C’era anche l’ipotesi che l’intera faccenda fosse una farsa elaborata insieme ai Russi [in inglese]. Anche se fosse vero (ed è improbabile), il semplice fatto che Trump si sia impegnato in un tale stratagemma, la dice lunga sulla debolezza della sua posizione. “Qualsiasi cosa dica Trump, l’America non se ne andrà dalla Siria”, scrive Patrick Buchanan [in inglese], che continua “Le cose stanno peggiorando. L’impegno di Trump di liberarci da queste guerre fallimentari e sanguinose in Medio Oriente e di trovare un nuovo riavvicinamento alla Russia, non funziona”.
Questo si evince chiaramente dai commenti dell’ambasciatore USA presso le Nazioni Unite, Nikki Haley. Lei dichiara che l’America non si disimpegnerà fino a quando non si raggiungono tre obiettivi: sconfiggere l’ISIS (un pretesto, visto che l’ISIS è alle corde e rimane in vita solo grazie alle azioni ostili di Stati Uniti e altri contro la Siria), impedire a Damasco di usare le armi chimiche (una falsità, visto che non ne ha), bloccare l’influenza sull’area da parte dell’Iran (il che significa che resteremo a tutti gli effetti in permanente preparazione di una guerra più ampia contro l’Iran, e forse infine anche contro la Russia).

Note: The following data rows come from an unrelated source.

(* In the model described in the context, with $\tilde k(p)=(1+\theta)p^c$ for $0<c<1$ and $\theta\ge0$, if $\lambda(1-c)\ge\gamma$ then the optimal indemnity is $I^*\equiv0$.
   Context: Let $X\ge0$ be a random variable with $\mathbb{P}(X=0)=1-q$, where $q\in(0,1]$, and with density $q\lambda e^{-\lambda x}$ on $(0,\infty)$, where $\lambda>0$. So $S_X(t)=\mathbb{P}(X>t)=qe^{-\lambda t}$ for $t\ge0$. $\mathcal{I}_c$ is the set of $I:[0,\infty)\to[0,\infty)$ with $0\le I(x)\le x$ and $0\le I(x)-I(y)\le x-y$ for $0\le y\le x$. For $Y\ge0$ with $S_Y(t)=\mathbb{P}(Y>t)$, the premium is $$\pi(Y)=\int_0^\infty\tilde k(S_Y(t))\,dt.$$ Equivalently, $\pi(Y)=(1+\theta)\mathbb{E}Y+\rho_k(Y)$ with $k(p)=\tilde k(p)-(1+\theta)p$. The buyer has wealth $w$ and utility $u$ with $u'(x)=e^{-\gamma x}$, $\gamma>0$. She chooses $I\in\mathcal{I}_c$ to maximize $\mathbb{E}[u(w-X+I(X)-\pi(I(X)))]$; the buyer's distortion is the identity. The optimal indemnity is unique up to $\mathbb{P}$-a.s. equality of $I(X)$. *)

theory Defs
  imports "HOL-Analysis.Analysis"
begin

text \<open>Expectation of f(X), where P(X=0)=1-q and X has density q lam exp(-lam x) on (0,oo).\<close>
definition expX :: "real \<Rightarrow> real \<Rightarrow> (real \<Rightarrow> real) \<Rightarrow> real" where
  "expX q lam f = (1 - q) * f 0 + (LBINT x:{0<..}. f x * (q * lam * exp (- lam * x)))"

definition survI :: "real \<Rightarrow> real \<Rightarrow> (real \<Rightarrow> real) \<Rightarrow> real \<Rightarrow> real" where
  "survI q lam I t = expX q lam (\<lambda>x. if I x > t then 1 else 0)"

definition premium :: "(real \<Rightarrow> real) \<Rightarrow> real \<Rightarrow> real \<Rightarrow> (real \<Rightarrow> real) \<Rightarrow> real" where
  "premium kt q lam I = (LBINT t:{0..}. kt (survI q lam I t))"

definition Ic :: "(real \<Rightarrow> real) set" where
  "Ic = {I. (\<forall>x\<ge>0. 0 \<le> I x \<and> I x \<le> x) \<and>
            (\<forall>x y. 0 \<le> y \<and> y \<le> x \<longrightarrow> 0 \<le> I x - I y \<and> I x - I y \<le> x - y)}"

definition EU :: "(real \<Rightarrow> real) \<Rightarrow> (real \<Rightarrow> real) \<Rightarrow> real \<Rightarrow> real \<Rightarrow> real \<Rightarrow> (real \<Rightarrow> real) \<Rightarrow> real" where
  "EU u kt q lam w I = expX q lam (\<lambda>x. u (w - x + I x - premium kt q lam I))"

end

theory Submission
  imports Defs
begin

(*
  Let P be the premium of I(X). The utility is CARA, u(y) = const - exp(-gamma y)/gamma, so the
  tangent line at w - X gives
    E u(w - X + I(X) - P) <= E u(w - X) + exp(-gamma w) (E[exp(gamma X) I(X)] - P E[exp(gamma X)]),
  and it suffices to show E[exp(gamma X) I(X)] <= P E[exp(gamma X)].
  By Tonelli, E[exp(gamma X) I(X)] is the integral over t >= 0 of E[exp(gamma X); I(X) > t].
  As I is nondecreasing with I(x) <= x, the event {X > 0, I(X) > t} is empty, {X > a} or {X >= a}
  for some a >= t; hence S_I(X)(t) = q exp(-lambda a), while E[exp(gamma X); I(X) > t] equals
  q lambda exp(-L a) / L with L = lambda - gamma >= lambda c. The weighted AM-GM inequality
  q^(1-c) <= (1-c) q + c then bounds the latter by E[exp(gamma X)] (1+theta) S_I(X)(t)^c, and
  integrating over t gives the claim.
*)

lemma nn_integral_exp_atLeast:
  fixes k a :: real
  assumes "0 < k"
  shows "(\<integral>\<^sup>+x. ennreal (indicator {a..} x * exp (- k * x)) \<partial>lborel) = ennreal (exp (- k * a) / k)"
proof -
  have indicator_eq: "(\<lambda>x. indicator {a..} x * exp (- k * x)) = (\<lambda>x. if x \<in> {a..} then exp (- k * x) else 0)"
    by (auto simp: indicator_def)
  have "((\<lambda>x. indicator {a..} x * exp (- k * x)) has_integral exp (- k * a) / k) UNIV"
    unfolding indicator_eq has_integral_restrict_UNIV using has_integral_exp_minus_to_infinity[OF assms, of a]
    by simp
  then show ?thesis
    by (intro nn_integral_has_integral_lborel) auto
qed

lemma set_integral_exp_atLeast:
  fixes k a :: real
  assumes "0 < k"
  shows "set_integrable lborel {a..} (\<lambda>x. exp (- k * x))"
    and "(LBINT x:{a..}. exp (- k * x)) = exp (- k * a) / k"
proof -
  have "integrable lborel (\<lambda>x. indicator {a..} x * exp (- k * x)) \<and>
        integral\<^sup>L lborel (\<lambda>x. indicator {a..} x * exp (- k * x)) = exp (- k * a) / k"
    using nn_integral_exp_atLeast[OF assms] assms
    by (subst nn_integral_eq_integrable[symmetric]) auto
  then show "set_integrable lborel {a..} (\<lambda>x. exp (- k * x))"
    and "(LBINT x:{a..}. exp (- k * x)) = exp (- k * a) / k"
    by (simp_all add: set_integrable_def set_lebesgue_integral_def)
qed

lemma set_integral_exp_greaterThan:
  fixes k a :: real
  assumes "0 < k"
  shows "set_integrable lborel {a<..} (\<lambda>x. exp (- k * x))"
    and "(LBINT x:{a<..}. exp (- k * x)) = exp (- k * a) / k"
proof -
  show "set_integrable lborel {a<..} (\<lambda>x. exp (- k * x))"
    by (rule set_integrable_subset[OF set_integral_exp_atLeast(1)[OF assms, of a]]) auto
  have "(LBINT x:{a<..}. exp (- k * x)) = (LBINT x:{a..}. exp (- k * x))"
    by (rule set_integral_cong_set)
       (auto simp: set_borel_measurable_def intro: eventually_mono[OF AE_lborel_singleton[of a]])
  then show "(LBINT x:{a<..}. exp (- k * x)) = exp (- k * a) / k"
    using set_integral_exp_atLeast(2)[OF assms] by simp
qed

lemma cara_utility_eq:
  fixes u :: "real \<Rightarrow> real" and \<gamma> :: real
  assumes "\<And>x. (u has_real_derivative exp (- \<gamma> * x)) (at x)" and "0 < \<gamma>"
  shows "u y = u 0 + 1 / \<gamma> - exp (- \<gamma> * y) / \<gamma>"
proof -
  define h where "h y = u y + exp (- \<gamma> * y) / \<gamma>" for y
  have "(h has_real_derivative 0) (at x)" for x
  proof -
    have "((\<lambda>y. exp (- \<gamma> * y) / \<gamma>) has_real_derivative (exp (- \<gamma> * x) * (- \<gamma>) / \<gamma>)) (at x)"
      by (auto intro!: derivative_eq_intros)
    from DERIV_add[OF assms(1) this] show ?thesis
      using assms(2) unfolding h_def by simp
  qed
  then have "h y = h 0" by (intro DERIV_isconst_all) blast
  then show ?thesis unfolding h_def by (simp add: algebra_simps)
qed

lemma cara_utility_le_tangent:
  fixes u :: "real \<Rightarrow> real" and \<gamma> :: real
  assumes "\<And>x. (u has_real_derivative exp (- \<gamma> * x)) (at x)" and "0 < \<gamma>"
  shows "u (y + h) \<le> u y + exp (- \<gamma> * y) * h"
proof -
  have "exp (- \<gamma> * (y + h)) = exp (- \<gamma> * y) * exp (- \<gamma> * h)"
    by (simp add: exp_add[symmetric] algebra_simps)
  then have eq: "u (y + h) = u y + exp (- \<gamma> * y) * ((1 - exp (- \<gamma> * h)) / \<gamma>)"
    by (simp add: cara_utility_eq[OF assms, of "y + h"] cara_utility_eq[OF assms, of y]
        diff_divide_distrib right_diff_distrib)
  have "(1 - exp (- \<gamma> * h)) / \<gamma> \<le> h"
    using exp_ge_add_one_self[of "- \<gamma> * h"] assms(2) by (simp add: divide_le_eq algebra_simps)
  from mult_left_mono[OF this exp_ge_zero[of "- \<gamma> * y"]] eq show ?thesis by linarith
qed

lemma cara_utility_le_tangent_wealth:
  fixes u :: "real \<Rightarrow> real" and \<gamma> :: real
  assumes "\<And>x. (u has_real_derivative exp (- \<gamma> * x)) (at x)" and "0 < \<gamma>"
  shows "u (w - x + i - p) \<le> u (w - x) + exp (- \<gamma> * w) * (exp (\<gamma> * x) * i + (- p) * exp (\<gamma> * x))"
proof -
  have "exp (- \<gamma> * (w - x)) = exp (- \<gamma> * w) * exp (\<gamma> * x)"
    by (subst exp_add[symmetric]) (simp add: algebra_simps)
  then have "exp (- \<gamma> * w) * (exp (\<gamma> * x) * i + (- p) * exp (\<gamma> * x)) = exp (- \<gamma> * (w - x)) * (i - p)"
    by (simp add: algebra_simps)
  moreover have "u (w - x + i - p) = u ((w - x) + (i - p))"
    by (simp add: algebra_simps)
  ultimately show ?thesis
    using cara_utility_le_tangent[OF assms, of "w - x" "i - p"] by linarith
qed

lemma cara_utility_abs_le:
  fixes u :: "real \<Rightarrow> real" and \<gamma> :: real
  assumes "\<And>x. (u has_real_derivative exp (- \<gamma> * x)) (at x)" and "0 < \<gamma>"
  shows "\<bar>u y\<bar> \<le> \<bar>u 0 + 1 / \<gamma>\<bar> + exp (- \<gamma> * y) / \<gamma>"
  using assms(2) by (subst cara_utility_eq[OF assms]) (smt (verit) exp_gt_zero divide_pos_pos)

lemma weighted_tail_le_distorted_survival:
  fixes q lam c \<theta> L a :: real
  assumes q: "0 < q" "q \<le> 1" and lam: "0 < lam" and c: "0 < c" "c < 1" and \<theta>: "0 \<le> \<theta>"
    and L: "lam * c \<le> L" and a: "0 \<le> a"
  shows "q * lam * exp (- L * a) / L \<le> (1 - q + q * lam / L) * ((1 + \<theta>) * (q * exp (- lam * a)) powr c)"
proof -
  have L0: "0 < L" using L lam c by (smt (verit) mult_pos_pos)
  have qc: "0 < q powr c" using q by simp
  have "q powr (1 - c) * 1 powr c \<le> (1 - c) * q + c * 1"
    by (rule Youngs_inequality_0) (use q c in auto)
  then have "q powr c * q powr (1 - c) \<le> q powr c * ((1 - c) * q + c)"
    using qc by (intro mult_left_mono) auto
  moreover have "q powr c * q powr (1 - c) = q"
    using q by (simp flip: powr_add)
  ultimately have "q \<le> q powr c * ((1 - c) * q + c)"
    by simp
  then have "q * lam \<le> q powr c * (lam * ((1 - c) * q + c))"
    using lam by (simp add: mult_right_mono mult.left_commute)
  also have "\<dots> \<le> q powr c * (L * (1 - q) + q * lam)"
    using qc q mult_right_mono[OF L, of "1 - q"] by (intro mult_left_mono) (auto simp: algebra_simps)
  finally have "q * lam / L \<le> (1 - q + q * lam / L) * q powr c"
    using L0 by (simp add: field_simps)
  moreover have "exp (- L * a) \<le> exp (- lam * a * c)"
    using mult_right_mono[OF L a] by (simp add: algebra_simps)
  ultimately have "q * lam / L * exp (- L * a) \<le> (1 - q + q * lam / L) * q powr c * exp (- lam * a * c)"
    using q lam L0 by (intro mult_mono) auto
  also have "\<dots> \<le> (1 + \<theta>) * ((1 - q + q * lam / L) * q powr c * exp (- lam * a * c))"
  proof -
    have "0 \<le> (1 - q + q * lam / L) * q powr c * exp (- lam * a * c)"
      using q lam L0 by simp
    from mult_nonneg_nonneg[OF \<theta> this] show ?thesis by (simp add: distrib_right)
  qed
  also have "\<dots> = (1 - q + q * lam / L) * ((1 + \<theta>) * (q * exp (- lam * a)) powr c)"
    using q by (simp add: powr_mult exp_powr_real)
  finally show ?thesis by simp
qed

Sfortunatamente l’ultimo punto è vero, poiché sono in corso i piani per rimpolpare un baluardo sunnita anti-Iran nella parte orientale della Siria, allo scopo di tagliare il cosiddetto “braccio di terra” di Teheran nel Mediterraneo [in inglese]. Molti Americani in Siria stanno per essere sostituiti dalla cosiddetta forza araba, cioè la “NATO araba[in inglese] propagandata lo scorso anno in coincidenza con il primo viaggio all’estero di Trump come presidente. (Come se l’unica NATO che già abbiamo non fosse abbastanza negativa).

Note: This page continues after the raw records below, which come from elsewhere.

theorem proposition5p6:
  fixes n :: nat and \<phi> :: "nat \<Rightarrow> real \<Rightarrow> complex" and f0 :: "real \<Rightarrow> complex"
  assumes "n \<ge> 2"
    and nonvan: "\<And>a x. a \<in> {1..n} \<Longrightarrow> \<phi> a x \<noteq> 0"
    and smooth_phi: "\<And>a k x. a \<in> {1..n} \<Longrightarrow>
          (nderiv k (\<phi> a) has_vector_derivative nderiv (Suc k) (\<phi> a) x) (at x)"
    and f0_sq: "\<And>x. (f0 x)\<^sup>2 * (\<Prod>a=1..n. \<phi> a x) = 1"
    and smooth_f0: "\<And>k x. (nderiv k f0 has_vector_derivative nderiv (Suc k) f0 x) (at x)"
  shows "\<forall>i j x.
     (i + j < n \<longrightarrow>
        Jform n (\<lambda>k. nderiv i (Fvec \<phi> f0 k) x)
                (\<lambda>k. nderiv j (Fvec (subst_s n \<phi>) f0 k) x) = 0) \<and>
     (i + j = n \<longrightarrow>
        Jform n (\<lambda>k. nderiv i (Fvec \<phi> f0 k) x)
                (\<lambda>k. nderiv j (Fvec (subst_s n \<phi>) f0 k) x) = (-1) ^ i)"
proof -
  define gs where "gs = map \<phi> [1..<n+1]"
  have "smooth f0" "\<forall>g\<in>set gs. smooth g" "length gs = n"
    using smooth_f0 smooth_phi by (auto simp: smooth_def gs_def)
  moreover have "f0 x * f0 x * prod_list (map (\<lambda>g. g x) gs) = 1" for x
    using f0_sq[of x] by (simp add: gs_def prod.distinct_set_conv_list[symmetric] power2_eq_square
        atLeastLessThanSuc_atLeastAtMost del: upt_Suc)
  ultimately have "antipode_pairing f0 f0 gs i j x = (if i + j < n then 0 else (-1)^i)"
    if "i + j \<le> n" for i j x
    using antipode_pairing_eq[of f0 f0 gs i j x] that by (simp add: mult.assoc)
  then show ?thesis
    unfolding Jform_Fvec_eq_antipode_pairing gs_def[symmetric] by simp
qed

Il ministro degli esteri saudita Adel al-Jubeir [in inglese] ha proposto la partecipazione di truppe del suo paese. Tralasciando il fatto che Riyadh possa deviarne dall’obiettivo in corso di distruggere lo Yemen, è probabile che il personale saudita diventi un target primario dei Siriani, che non vedono l’ora di rivalersi sui loro principali persecutori degli ultimi sette anni.
Quindi, è stato davvero risolto qualcosa il 13 aprile? In questa occasione l’Occidente ha scelto di non “attraversare il fiume”, come l’esercito del Khan Ahmed decise di non fare nel 1480. Da parte loro, i Russi in Siria, come i loro avi sul fiume Ugra, erano in difesa e non avevano bisogno di rischiare un’azione offensiva.
Sfortunatamente, a differenza dal “grande confronto sul fiume Ugra” che risolse la questione dell’indipendenza e della sovranità russa in quell’epoca, ora non è stato risolto nulla. Rimane la domanda: gli Stati Uniti abbandoneranno pacificamente la loro posizione di unico arbitro dell’autorità, legalità e moralità in un mondo unipolare a favore di un ordine multipolare in cui sono rispettati gli interessi legittimi e le sfere di influenza di Russia e Cina [in inglese ]? O rischieremo sempre di precipitare l’umanità in un conflitto globale?
La Siria rimane un’arena chiave dove sarà scelto un percorso o un altro per alla fine concludere ciò che il Maggiore dell’esercito americano Danny Sjursen definisce “Operazione Impero che annaspa[in inglese]. L’ironia è che “perdere” pacificamente il nostro inutile e pericolo tentativo di governare il mondo sarà solo a beneficio dell’America. Questo è ciò che Trump aveva promesso nel 2016. Non lo ha realizzato ed è sempre più in dubbio che ci riesca [in inglese].
Alla fine, la minaccia della Terza Guerra Mondiale non è svanita. È stata solamente posticipata.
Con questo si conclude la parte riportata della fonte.